QRATPre+ is the first available implementation of the QRAT/QRAT+ proof systems for redundancy removal in QBF preprocessing.
For redundancy checking, the QRAT+ system relies on QBF-specific unit propagation with universal reduction to handle the literals of certain universal variables. This is in contrast to QRAT, which applies propositional unit propagation and treats every variable as existentially quantified. As a result, redundancy removal based on QRAT+ is more powerful than based on QRAT. That strength of QRAT+ is with respect to single applications of rewrite rules. E.g., QRAT+ can remove particular clauses by a single application of a rewrite rule, while QRAT can remove that clause only by applying a sequence of rules.
PUBLICATIONS
A tool paper related to QRATPre+ appeared at SAT 2019:
- Florian Lonsing and Uwe Egly. QRATPre+: Effective QBF Preprocessing via Strong Redundancy Properties. In Proc. of the 22nd International Conference on Theory and Applications of Satisfiability Testing (SAT) 2019, Springer, LNCS. Preprint: https://arxiv.org/pdf/1904.12927.pdf.
The theory behind QRATPre+ is described in our IJCAR 2018 paper:
- Florian Lonsing and Uwe Egly. QRAT+: Generalizing QRAT by a More Powerful QBF Redundancy Property. In Proc. of the 9th International Joint Conference on Automated Reasoning (IJCAR) 2018, Springer, LNCS. Preprint: https://arxiv.org/pdf/1804.02908.
QRATPRE+ IN QBFEVAL’18
The cactus plot above shows the runtimes of the solvers DepQBF-QxQBH, DepQBF-QxBH, and CADET on the instances from the 2QBF track of QBFEVAL 2018. CADET is a state-of-the-art 2QBF solver. DepQBF-QxQBH and DepQBF-QxBH are packages consisting of the QCDCL solver DepQBF and a preprocessing module that integrates several QBF preprocessors. The preprocessing module is implemented as a shell script called QBFRelay. Variant DepQBF-QxQBH includes QRATPre+ whereas variant DepQBF-QxBH does not.

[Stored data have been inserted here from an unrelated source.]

text \<open>The cross terms 3/2 (\<beta>_i - \<beta>_j), j \<le> e < i, of the decomposition defining e(\<chi>) are
  absorbed into a flow that is saturated across the cut at e.\<close>

lemma e_decomp_iff_flow:
  assumes "e \<le> d"
  shows "e_decomp a d v e \<longleftrightarrow> (\<exists>w c.
     (\<forall>i j. 0 < j \<longrightarrow> j < i \<longrightarrow> i \<le> d \<longrightarrow> 0 \<le> w i j \<and> w i j \<le> 3/2) \<and>
     (\<forall>i j. j \<le> e \<longrightarrow> e < i \<longrightarrow> w i j = 3/2) \<and>
     (\<forall>i\<in>{1..d}. (i \<le> e \<longrightarrow> - ((real a + 2) / 2) \<le> c i \<and> c i \<le> - (real a / 2)) \<and>
                 (e < i \<longrightarrow> - (real a / 2) < c i \<and> c i \<le> real a / 2)) \<and>
     (\<forall>m\<in>{1..d}. v m = flow 0 d w m + c m))" (is "_ \<longleftrightarrow> ?flow")
proof
  assume "e_decomp a d v e"
  then obtain cc c where cc: "\<forall>i j. 1 \<le> j \<longrightarrow> j < i \<longrightarrow> i \<le> d \<longrightarrow> 0 \<le> cc i j \<and> cc i j \<le> 3/2"
    and c: "\<forall>i\<in>{1..d}. (i \<le> e \<longrightarrow> - ((real a + 2) / 2) \<le> c i \<and> c i \<le> - (real a / 2)) \<and>
                 (e < i \<longrightarrow> - (real a / 2) < c i \<and> c i \<le> real a / 2)"
    and v: "\<forall>m\<in>{1..d}. v m =
        (\<Sum>j\<in>{1..<m}. if (m \<le> e) = (j \<le> e) then cc m j else 0)
      - (\<Sum>i\<in>{m<..d}. if (m \<le> e) = (i \<le> e) then cc i m else 0)
      + (if m \<le> e then - (3/2) * (real d - real e) else (3/2) * real e)
      + c m"
    unfolding e_decomp_def by blast
  define w where "w i j = (if (i \<le> e) = (j \<le> e) then cc i j else 3/2)" for i j
  have "v m = flow 0 d w m + c m" if "m \<in> {1..d}" for m
    using v that flow_eq_masked_flow[OF assms, of w m] by (simp add: w_def cong: if_cong)
  moreover have "\<forall>i j. 0 < j \<longrightarrow> j < i \<longrightarrow> i \<le> d \<longrightarrow> 0 \<le> w i j \<and> w i j \<le> 3/2"
    using cc by (simp add: w_def)
  ultimately show ?flow using c by (intro exI[of _ w] exI[of _ c]) (auto simp: w_def)
next
  assume ?flow
  then obtain w c where w: "\<forall>i j. 0 < j \<longrightarrow> j < i \<longrightarrow> i \<le> d \<longrightarrow> 0 \<le> w i j \<and> w i j \<le> 3/2"
    and cross: "\<forall>i j. j \<le> e \<longrightarrow> e < i \<longrightarrow> w i j = 3/2"
    and c: "\<forall>i\<in>{1..d}. (i \<le> e \<longrightarrow> - ((real a + 2) / 2) \<le> c i \<and> c i \<le> - (real a / 2)) \<and>
                 (e < i \<longrightarrow> - (real a / 2) < c i \<and> c i \<le> real a / 2)"
    and v: "\<forall>m\<in>{1..d}. v m = flow 0 d w m + c m"
    by blast
  show "e_decomp a d v e"
    unfolding e_decomp_def
  proof (intro exI[of _ w] exI[of _ c] conjI)
    show "\<forall>i j. 1 \<le> j \<longrightarrow> j < i \<longrightarrow> i \<le> d \<longrightarrow> 0 \<le> w i j \<and> w i j \<le> 3/2"
      using w by simp
    show "\<forall>m\<in>{1..d}. v m = (\<Sum>j\<in>{1..<m}. if (m \<le> e) = (j \<le> e) then w m j else 0)
      - (\<Sum>i\<in>{m<..d}. if (m \<le> e) = (i \<le> e) then w i m else 0)
      + (if m \<le> e then - (3/2) * (real d - real e) else (3/2) * real e) + c m"
      using v cross flow_eq_masked_flow[OF assms, of w] by simp
  qed (use c in blast)
qed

As can be seen from the plot, the use of QRATPre+ in variant DepQBF-QxQBH is crucial to achieve top performance. Thanks to QRATPre+, DepQBF-QxQBH won the 2QBF track in QBFEVAL 2018. While DepQBF-QxQBH solved 275 instances, DepQBF-QxBH solved only 243. It is remarkable that CADET solved 269 without any preprocessing.

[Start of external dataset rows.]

lemma pigeonhole_large_fibre:
  assumes V: "finite V" and S: "finite S" "S \<noteq> {}" and f: "f ` V \<subseteq> S"
  shows "\<exists>s\<in>S. real (card V) \<le> real (card S) * real (card {v\<in>V. f v = s})"
proof (rule ccontr)
  assume "\<not> ?thesis"
  then have "(\<Sum>s\<in>S. real (card S) * real (card {v\<in>V. f v = s})) < (\<Sum>s\<in>S. real (card V))"
    using S by (intro sum_strict_mono) auto
  moreover have "(\<Sum>s\<in>S. real (card {v\<in>V. f v = s})) = real (card V)"
    using sum.group[OF V S(1) f, of "\<lambda>_. 1::real"] by simp
  then have "(\<Sum>s\<in>S. real (card S) * real (card {v\<in>V. f v = s})) = real (card S) * real (card V)"
    by (metis sum_distrib_left)
  ultimately show False
    by simp
qed

lemma cf_colouring_sparse_large_set:
  assumes E: "E \<subseteq> all_edges n"
    and cf: "closed_cf_colouring E k c \<or> open_cf_colouring E k c"
  shows "\<exists>A\<subseteq>{1..n}. real n \<le> 2 ^ k * real (card A) \<and> card (E \<inter> edges_within n A) \<le> k * card A"
proof -
  have colours: "\<forall>e\<in>E. c e < k"
    using cf unfolding closed_cf_colouring_def open_cf_colouring_def by auto
  then have "palette E c ` {1..n} \<subseteq> Pow {..<k}"
    unfolding palette_def by auto
  then obtain S where S: "real n \<le> 2 ^ k * real (card {v\<in>{1..n}. palette E c v = S})"
    using pigeonhole_large_fibre[of "{1..n}" "Pow {..<k}" "palette E c"] by (auto simp: card_Pow)
  define A where "A = {v\<in>{1..n}. palette E c v = S}"
  have "\<forall>e\<in>E. e \<subseteq> A \<longrightarrow> (\<exists>w\<in>e. unique_colour_at E c w e)"
  proof (intro ballI impI)
    fix e assume "e \<in> E" "e \<subseteq> A"
    then have "\<forall>x\<in>e. \<forall>y\<in>e. palette E c x = palette E c y"
      unfolding A_def by auto
    then show "\<exists>w\<in>e. unique_colour_at E c w e"
      using cf closed_cf_colouring_unique_colour_at[OF E _ \<open>e \<in> E\<close>]
        open_cf_colouring_unique_colour_at[OF E _ \<open>e \<in> E\<close>] by blast
  qed
  then have "card {e\<in>E. e \<subseteq> A} \<le> k * card A"
    by (intro card_edges_inside_le[OF _ colours]) (simp add: A_def)
  moreover have "E \<inter> edges_within n A = {e\<in>E. e \<subseteq> A}"
    using E unfolding edges_within_def by auto
  moreover have "A \<subseteq> {1..n}"
    unfolding A_def by auto
  ultimately show ?thesis
    using S unfolding A_def[symmetric] by auto
qed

Note on practical applications (disclaimer): in contrast to CADET, DepQBF-QxQBH and DepQBF-QxBH do not produce certificates.
SOURCE CODE
QRATPre+ is free software released under GPLv3:
https://www.gnu.org/copyleft/gpl.html
The latest release is available from GitHub.
- March 2019: Version 2.0
EXEMPLIFYING THE POWER OF THE QRAT+ SYSTEM
The following examples illustrate that redundancy removal based on QRAT+ as implemented in QRATPre+ is more powerful than based on QRAT, with respect to single applications of rewrite rules. In our implementation, we try to remove clauses and literals by single applications of rewrite rules in multiple rounds. E.g., we do not attempt to remove a clause by applying a sequence of rewrite rules to it within a round.
Clause Elimination
Suppose that we have a file formula.qdimacs
containing the following QBF in QDIMACS format:
p cnf 12 14
e 1 2 7 8 0
a 3 9 0
e 4 10 0
a 5 11 0
e 6 12 0
1 3 -4 0
2 -3 4 0
-1 -3 -4 0
-2 3 4 0
3 -4 6 0
-5 -6 0
-1 5 -6 0
7 9 -10 0
8 -9 10 0
-7 -9 -10 0
-8 9 10 0
9 -10 12 0
-11 -12 0
-7 11 -12 0
QRATPre+ is able to remove all clauses in formula.qdimacs
. The call ./qratpre+ --print-formula ./formula.qdimacs
produces the following output:
p cnf 0 0
Now we configure QRATPre+ to apply redundancy detection based on the QRAT system instead of QRAT+ by parameter --no-eabs
. The formula produced by calling ./qratpre+ --print-formula --no-eabs ./formula.qdimacs
is exactly the same as the given one, i.e., no redundant clauses can be detected:
p cnf 12 14
e 1 2 7 8 0
a 3 9 0
e 4 10 0
a 5 11 0
e 6 12 0
1 3 -4 0
2 -3 4 0
-1 -3 -4 0
-2 3 4 0
3 -4 6 0
-5 -6 0
-1 5 -6 0
7 9 -10 0
8 -9 10 0
-7 -9 -10 0
-8 9 10 0
9 -10 12 0
-11 -12 0
-7 11 -12 0
Hence clause elimination based on the QRAT+ proof system is more powerful than based on QRAT (see also Proposition 4 in our related IJCAR 2018 paper).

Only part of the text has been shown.